*** AVAILABLE DATA
(* Let $c$ be a cost function on $(\mathbb{R}^n)^N$, $\alpha_1,\dots,\alpha_N>0$, and $m_1,\dots,m_N$ measures on $\mathbb{R}^n$. Let $(V_1,\dots,V_N)$ be an admissible tuple with $0<\int e^{-\alpha_iV_i}dm_i<\infty$ for all $i$, and let $\nu_i=e^{-\alpha_iV_i}m_i/\int e^{-\alpha_iV_i}dm_i$. Assume that the Kantorovich duality holds for $(c;\nu_1,\dots,\nu_N)$, with optimal plan $\gamma$ and dual minimizer $(\Phi_1,\dots,\Phi_N)$. Then $$\prod_{i=1}^N\Bigl(\int e^{-\alpha_iV_i}dm_i\Bigr)^{1/\alpha_i}\le\prod_{i=1}^N\Bigl(\int e^{-\alpha_i\Phi_i}dm_i\Bigr)^{1/\alpha_i}.$$
   Context: Points of $(\mathbb{R}^n)^N$ are written $x=(x_1,\dots,x_N)$, $x_i\in\mathbb{R}^n$. A tuple $(V_1,\dots,V_N)$ of functions $V_i:\mathbb{R}^n\to(-\infty,+\infty]$ is admissible (for the cost $c$) if $\sum_{i=1}^N V_i(x_i)\ge c(x)$ for all $x$. Kantorovich duality: for probability measures $\mu_1,\dots,\mu_N$ on $\mathbb{R}^n$, the primal problem is to maximize $\int c\,d\pi$ over probability measures $\pi$ on $(\mathbb{R}^n)^N$ with $i$-th marginal $\mu_i$ for all $i$; the dual problem is to minimize $\sum_i\int f_i\,d\mu_i$ over admissible tuples $(f_i)$ with $f_i\in L^1(\mu_i)$. We say the Kantorovich duality holds for $(c;\mu_1,\dots,\mu_N)$ if the primal problem has a maximizer, the dual problem has a minimizer, and the two optimal values are equal and finite. *)

theory Defs
  imports "HOL-Probability.Probability"
begin

text \<open>Points of (R^n)^N are functions x :: nat => 'a (with 'a a Euclidean space
  playing the role of R^n), only the coordinates x i for i < N being relevant.
  Potentials take values in (-inf, +inf], rendered as ereal-valued functions never
  equal to -inf.\<close>

definition admissible :: "nat \<Rightarrow> ((nat \<Rightarrow> 'b) \<Rightarrow> real) \<Rightarrow> (nat \<Rightarrow> 'b \<Rightarrow> ereal) \<Rightarrow> bool"
  where "admissible N c V \<longleftrightarrow>
     (\<forall>i<N. \<forall>x. V i x \<noteq> -\<infinity>) \<and> (\<forall>x. (\<Sum>i<N. V i (x i)) \<ge> ereal (c x))"

definition expneg :: "real \<Rightarrow> ereal \<Rightarrow> real"
  where "expneg a v = (if v = \<infinity> then 0 else exp (- a * real_of_ereal v))"

definition eL1 :: "'a measure \<Rightarrow> ('a \<Rightarrow> ereal) \<Rightarrow> bool"
  where "eL1 M f \<longleftrightarrow> f \<in> borel_measurable M \<and> (AE x in M. \<bar>f x\<bar> \<noteq> \<infinity>)
                      \<and> integrable M (\<lambda>x. real_of_ereal (f x))"

definition eint :: "'a measure \<Rightarrow> ('a \<Rightarrow> ereal) \<Rightarrow> real"
  where "eint M f = (\<integral>x. real_of_ereal (f x) \<partial>M)"

definition plan :: "nat \<Rightarrow> (nat \<Rightarrow> 'a::euclidean_space measure) \<Rightarrow> (nat \<Rightarrow> 'a) measure \<Rightarrow> bool"
  where "plan N \<mu> \<pi> \<longleftrightarrow> prob_space \<pi> \<and> sets \<pi> = sets (PiM {..<N} (\<lambda>_. borel))
             \<and> (\<forall>i<N. distr \<pi> borel (\<lambda>x. x i) = \<mu> i)"

text \<open>Kantorovich duality holds for (c; mu_1..mu_N), with optimal plan gam and dual
  minimizer Phi: gam maximizes the primal (plans for which c is not integrable have
  primal value -inf, since c is bounded above by an integrable admissible sum),
  Phi minimizes the dual among admissible L^1 tuples, and the values agree (finite,
  being reals).\<close>
definition kantorovich_duality ::
  "nat \<Rightarrow> ((nat \<Rightarrow> 'a::euclidean_space) \<Rightarrow> real) \<Rightarrow> (nat \<Rightarrow> 'a measure)
    \<Rightarrow> (nat \<Rightarrow> 'a) measure \<Rightarrow> (nat \<Rightarrow> 'a \<Rightarrow> ereal) \<Rightarrow> bool"
  where "kantorovich_duality N c \<mu> gam Phi \<longleftrightarrow>
     plan N \<mu> gam \<and> integrable gam c \<and>
     (\<forall>\<pi>. plan N \<mu> \<pi> \<and> integrable \<pi> c \<longrightarrow> (\<integral>x. c x \<partial>\<pi>) \<le> (\<integral>x. c x \<partial>gam)) \<and>
     admissible N c Phi \<and> (\<forall>i<N. eL1 (\<mu> i) (Phi i)) \<and>
     (\<forall>f. admissible N c f \<and> (\<forall>i<N. eL1 (\<mu> i) (f i)) \<longrightarrow>
          (\<Sum>i<N. eint (\<mu> i) (Phi i)) \<le> (\<Sum>i<N. eint (\<mu> i) (f i))) \<and>
     (\<integral>x. c x \<partial>gam) = (\<Sum>i<N. eint (\<mu> i) (Phi i))"

definition ennpow :: "ennreal \<Rightarrow> real \<Rightarrow> ennreal"
  where "ennpow x p = (if x = \<top> then \<top> else ennreal (enn2real x powr p))"

end

(*
  Put u_i = V_i - Phi_i. Since nu_i has density e^(-alpha_i V_i) / Z_i with respect to m_i,
  Z_i * \<integral> e^(alpha_i u_i) d nu_i is at most \<integral> e^(-alpha_i Phi_i) dm_i =: P_i, and Jensen's
  inequality turns this into Z_i^(1/alpha_i) * e^(\<integral> u_i d nu_i) \<le> P_i^(1/alpha_i).
  By complementary slackness, Sum_i Phi_i(x_i) = c(x) \<le> Sum_i V_i(x_i) for gam-a.e. x, so
  Sum_i \<integral> u_i d nu_i = \<integral> Sum_i u_i(x_i) d gam \<ge> 0; the same pointwise bound, together with
  the exponential integrability of u_i, shows that each u_i is nu_i-integrable.
  Multiplying the N inequalities gives the claim.
*)

theory Submission
  imports Defs
begin

lemma expneg_measurable [measurable]:
  assumes [measurable]: "f \<in> borel_measurable M"
  shows "(\<lambda>x. expneg a (f x)) \<in> borel_measurable M"
  unfolding expneg_def by measurable

lemma expneg_nonneg: "0 \<le> expneg a v"
  by (simp add: expneg_def)

lemma expneg_pos: "\<bar>v\<bar> \<noteq> \<infinity> \<Longrightarrow> 0 < expneg a v"
  by (cases v) (auto simp: expneg_def)

lemma expneg_mult_exp_le:
  assumes "\<bar>w\<bar> \<noteq> \<infinity>"
  shows "expneg a v * exp (a * (real_of_ereal v - real_of_ereal w)) \<le> expneg a w"
proof (cases "v = \<infinity>")
  case False
  then have "expneg a v * exp (a * (real_of_ereal v - real_of_ereal w)) = expneg a w"
    using assms by (auto simp: expneg_def algebra_simps simp flip: exp_add)
  then show ?thesis by simp
qed (simp add: expneg_def)

lemma ennpow_eq_ennreal: "x \<noteq> \<top> \<Longrightarrow> ennpow x p = ennreal (enn2real x powr p)"
  by (simp add: ennpow_def)

lemma prod_ennpow_eq_ennreal:
  assumes "\<forall>i\<in>I. X i \<noteq> \<top>"
  shows "(\<Prod>i\<in>I. ennpow (X i) (p i)) = ennreal (\<Prod>i\<in>I. enn2real (X i) powr p i)"
  using assms by (simp add: ennpow_eq_ennreal prod_ennreal)

lemma prod_ennpow_eq_top:
  assumes "finite I" "k \<in> I" "X k = \<top>" "\<forall>i\<in>I. X i \<noteq> 0"
  shows "(\<Prod>i\<in>I. ennpow (X i) (p i)) = \<top>"
  using assms by (subst ennreal_prod_eq_top) (auto simp: ennpow_def enn2real_eq_0_iff)

lemma prod_le_prod_of_exp_sum_nonneg:
  fixes x y b :: "'i \<Rightarrow> real"
  assumes "\<forall>i\<in>I. 0 \<le> x i" "\<forall>i\<in>I. x i * exp (b i) \<le> y i" "0 \<le> (\<Sum>i\<in>I. b i)"
  shows "(\<Prod>i\<in>I. x i) \<le> (\<Prod>i\<in>I. y i)"
proof -
  have "(\<Prod>i\<in>I. x i) \<le> (\<Prod>i\<in>I. x i) * exp (\<Sum>i\<in>I. b i)"
    using assms(1,3) prod_nonneg[of I x] by (intro mult_le_cancel_left1[THEN iffD2]) auto
  also have "\<dots> = (\<Prod>i\<in>I. x i * exp (b i))"
    by (cases "finite I") (simp_all add: exp_sum prod.distrib)
  also have "\<dots> \<le> (\<Prod>i\<in>I. y i)"
    using assms(1,2) by (intro prod_mono) auto
  finally show ?thesis .
qed

lemma prod_ennpow_le_of_exp_sum_nonneg:
  assumes "\<forall>i\<in>I. X i \<noteq> \<top>" "\<forall>i\<in>I. Y i \<noteq> \<top>"
    and "\<forall>i\<in>I. enn2real (X i) powr p i * exp (b i) \<le> enn2real (Y i) powr p i"
    and "0 \<le> (\<Sum>i\<in>I. b i)"
  shows "(\<Prod>i\<in>I. ennpow (X i) (p i)) \<le> (\<Prod>i\<in>I. ennpow (Y i) (p i))"
  using assms prod_le_prod_of_exp_sum_nonneg[of I "\<lambda>i. enn2real (X i) powr p i" b]
  by (simp add: prod_ennpow_eq_ennreal ennreal_leI)

lemma pos_part_le_exp:
  assumes "0 < (a::real)"
  shows "max 0 t \<le> exp (a * t) / a"
proof (cases "t \<le> 0")
  case False
  have "a * t \<le> exp (a * t)"
    using exp_ge_add_one_self[of "a * t"] by linarith
  then show ?thesis using False assms by (simp add: field_simps)
qed (use assms in auto)

lemma integrable_pos_part_of_exp:
  fixes f :: "'a \<Rightarrow> real"
  assumes "0 < a" "f \<in> borel_measurable M" "integrable M (\<lambda>x. exp (a * f x))"
  shows "integrable M (\<lambda>x. max 0 (f x))"
proof (rule Bochner_Integration.integrable_bound)
  show "integrable M (\<lambda>x. exp (a * f x) / a)"
    using assms(3) by simp
  show "AE x in M. norm (max 0 (f x)) \<le> norm (exp (a * f x) / a)"
    using pos_part_le_exp[OF assms(1)] assms(1) by auto
qed (use assms(2) in measurable)

lemma neg_part_le_sum_pos_parts:
  fixes f :: "'i \<Rightarrow> real"
  assumes "finite S" "i \<in> S" "0 \<le> (\<Sum>j\<in>S. f j)"
  shows "max 0 (- f i) \<le> (\<Sum>j\<in>S. max 0 (f j))"
proof -
  have "(\<Sum>j\<in>S. f j) = (\<Sum>j\<in>S. max 0 (f j)) - (\<Sum>j\<in>S. max 0 (- f j))"
    by (simp add: sum_subtractf[symmetric]) (intro sum.cong, auto)
  moreover have "max 0 (- f i) \<le> (\<Sum>j\<in>S. max 0 (- f j))"
    using assms by (intro member_le_sum) auto
  ultimately show ?thesis using assms by linarith
qed

lemma nn_integral_pos_of_AE_density_pos:
  assumes "prob_space (density M g)" "g \<in> borel_measurable M" "f \<in> borel_measurable M"
    and "AE x in density M g. 0 < f x"
  shows "(\<integral>\<^sup>+x. f x \<partial>M) \<noteq> 0"
proof
  assume "(\<integral>\<^sup>+x. f x \<partial>M) = 0"
  then have "AE x in M. f x = 0"
    using assms(3) by (simp add: nn_integral_0_iff_AE)
  then have "AE x in density M g. f x = 0"
    using assms(2) by (auto simp: AE_density elim: AE_mp)
  with assms(4) have "AE x in density M g. False"
    by eventually_elim simp
  with assms(1) show False
    by (simp add: prob_space.AE_False)
qed

lemma
  assumes "plan N \<mu> \<gamma>" "i < N"
  shows plan_marginal: "distr \<gamma> borel (\<lambda>x. x i) = \<mu> i"
    and plan_component_measurable: "(\<lambda>x. x i) \<in> measurable \<gamma> borel"
    and sets_plan_marginal: "sets (\<mu> i) = sets borel"
proof -
  show marginal: "distr \<gamma> borel (\<lambda>x. x i) = \<mu> i"
    using assms unfolding plan_def by auto
  have "(\<lambda>x. x i) \<in> measurable (PiM {..<N} (\<lambda>_. borel)) borel"
    using assms(2) by (intro measurable_component_singleton) auto
  then show "(\<lambda>x. x i) \<in> measurable \<gamma> borel"
    using assms(1) unfolding plan_def by (subst measurable_cong_sets) auto
  show "sets (\<mu> i) = sets borel"
    by (simp flip: marginal)
qed

lemma plan_AE_component:
  assumes "plan N \<mu> \<gamma>" "i < N" "AE y in \<mu> i. P y" "Measurable.pred borel P"
  shows "AE x in \<gamma>. P (x i)"
proof -
  have "AE y in distr \<gamma> borel (\<lambda>x. x i). P y"
    using assms(3) unfolding plan_marginal[OF assms(1,2)] .
  then show ?thesis
    using assms(4) plan_component_measurable[OF assms(1,2)] by (subst (asm) AE_distr_iff) auto
qed

lemma
  fixes f :: "'a::euclidean_space \<Rightarrow> real"
  assumes "plan N \<mu> \<gamma>" "i < N" "f \<in> borel_measurable borel"
  shows plan_integrable_component_iff: "integrable \<gamma> (\<lambda>x. f (x i)) \<longleftrightarrow> integrable (\<mu> i) f"
    and plan_integral_component: "(\<integral>x. f (x i) \<partial>\<gamma>) = (\<integral>y. f y \<partial>\<mu> i)"
  using integrable_distr_eq[of "\<lambda>x. x i" \<gamma> borel f] integral_distr[of "\<lambda>x. x i" \<gamma> borel f]
  unfolding plan_marginal[OF assms(1,2)] by (simp_all add: assms plan_component_measurable[OF assms(1,2)])

lemma plan_integrable_of_sum_nonneg:
  fixes f :: "nat \<Rightarrow> 'a::euclidean_space \<Rightarrow> real"
  assumes plan: "plan N \<mu> \<gamma>" and i: "i < N"
    and f_meas: "\<forall>j<N. f j \<in> borel_measurable borel"
    and pos_int: "\<forall>j<N. integrable (\<mu> j) (\<lambda>y. max 0 (f j y))"
    and sum_nonneg: "AE x in \<gamma>. 0 \<le> (\<Sum>j<N. f j (x j))"
  shows "integrable (\<mu> i) (f i)"
proof -
  have pos_int_\<gamma>: "integrable \<gamma> (\<lambda>x. max 0 (f j (x j)))" if "j < N" for j
    using that pos_int f_meas by (subst plan_integrable_component_iff[OF plan]) auto
  have [measurable]: "(\<lambda>x. f i (x i)) \<in> borel_measurable \<gamma>"
    using f_meas i by (intro measurable_compose[OF plan_component_measurable[OF plan i]]) auto
  have "integrable \<gamma> (\<lambda>x. max 0 (- f i (x i)))"
  proof (rule Bochner_Integration.integrable_bound)
    show "integrable \<gamma> (\<lambda>x. \<Sum>j<N. max 0 (f j (x j)))"
      using pos_int_\<gamma> by auto
    show "AE x in \<gamma>. norm (max 0 (- f i (x i))) \<le> norm (\<Sum>j<N. max 0 (f j (x j)))"
      using sum_nonneg
    proof eventually_elim
      case (elim x)
      then show ?case
        using neg_part_le_sum_pos_parts[of "{..<N}" i "\<lambda>j. f j (x j)"] i by (simp add: sum_nonneg)
    qed
  qed measurable
  then have "integrable (\<mu> i) (\<lambda>y. max 0 (- f i y))"
    using i f_meas by (subst (asm) plan_integrable_component_iff[OF plan]) auto
  then have "integrable (\<mu> i) (\<lambda>y. max 0 (f i y) - max 0 (- f i y))"
    using pos_int i by auto
  moreover have "(\<lambda>y. max 0 (f i y) - max 0 (- f i y)) = f i"
    by (auto simp: fun_eq_iff)
  ultimately show ?thesis by simp
qed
******
▶ _TASK INSTRUCTIONS_: Take exactly the lines from the one containing "(\<lambda>x. max 0 (- f" through the one containing "using pos_int i by auto" in the data above, and output them with nothing added.

▶ _ANSWER_:
  have "integrable \<gamma> (\<lambda>x. max 0 (- f i (x i)))"
  proof (rule Bochner_Integration.integrable_bound)
    show "integrable \<gamma> (\<lambda>x. \<Sum>j<N. max 0 (f j (x j)))"
      using pos_int_\<gamma> by auto
    show "AE x in \<gamma>. norm (max 0 (- f i (x i))) \<le> norm (\<Sum>j<N. max 0 (f j (x j)))"
      using sum_nonneg
    proof eventually_elim
      case (elim x)
      then show ?case
        using neg_part_le_sum_pos_parts[of "{..<N}" i "\<lambda>j. f j (x j)"] i by (simp add: sum_nonneg)
    qed
  qed measurable
  then have "integrable (\<mu> i) (\<lambda>y. max 0 (- f i y))"
    using i f_meas by (subst (asm) plan_integrable_component_iff[OF plan]) auto
  then have "integrable (\<mu> i) (\<lambda>y. max 0 (f i y) - max 0 (- f i y))"
    using pos_int i by auto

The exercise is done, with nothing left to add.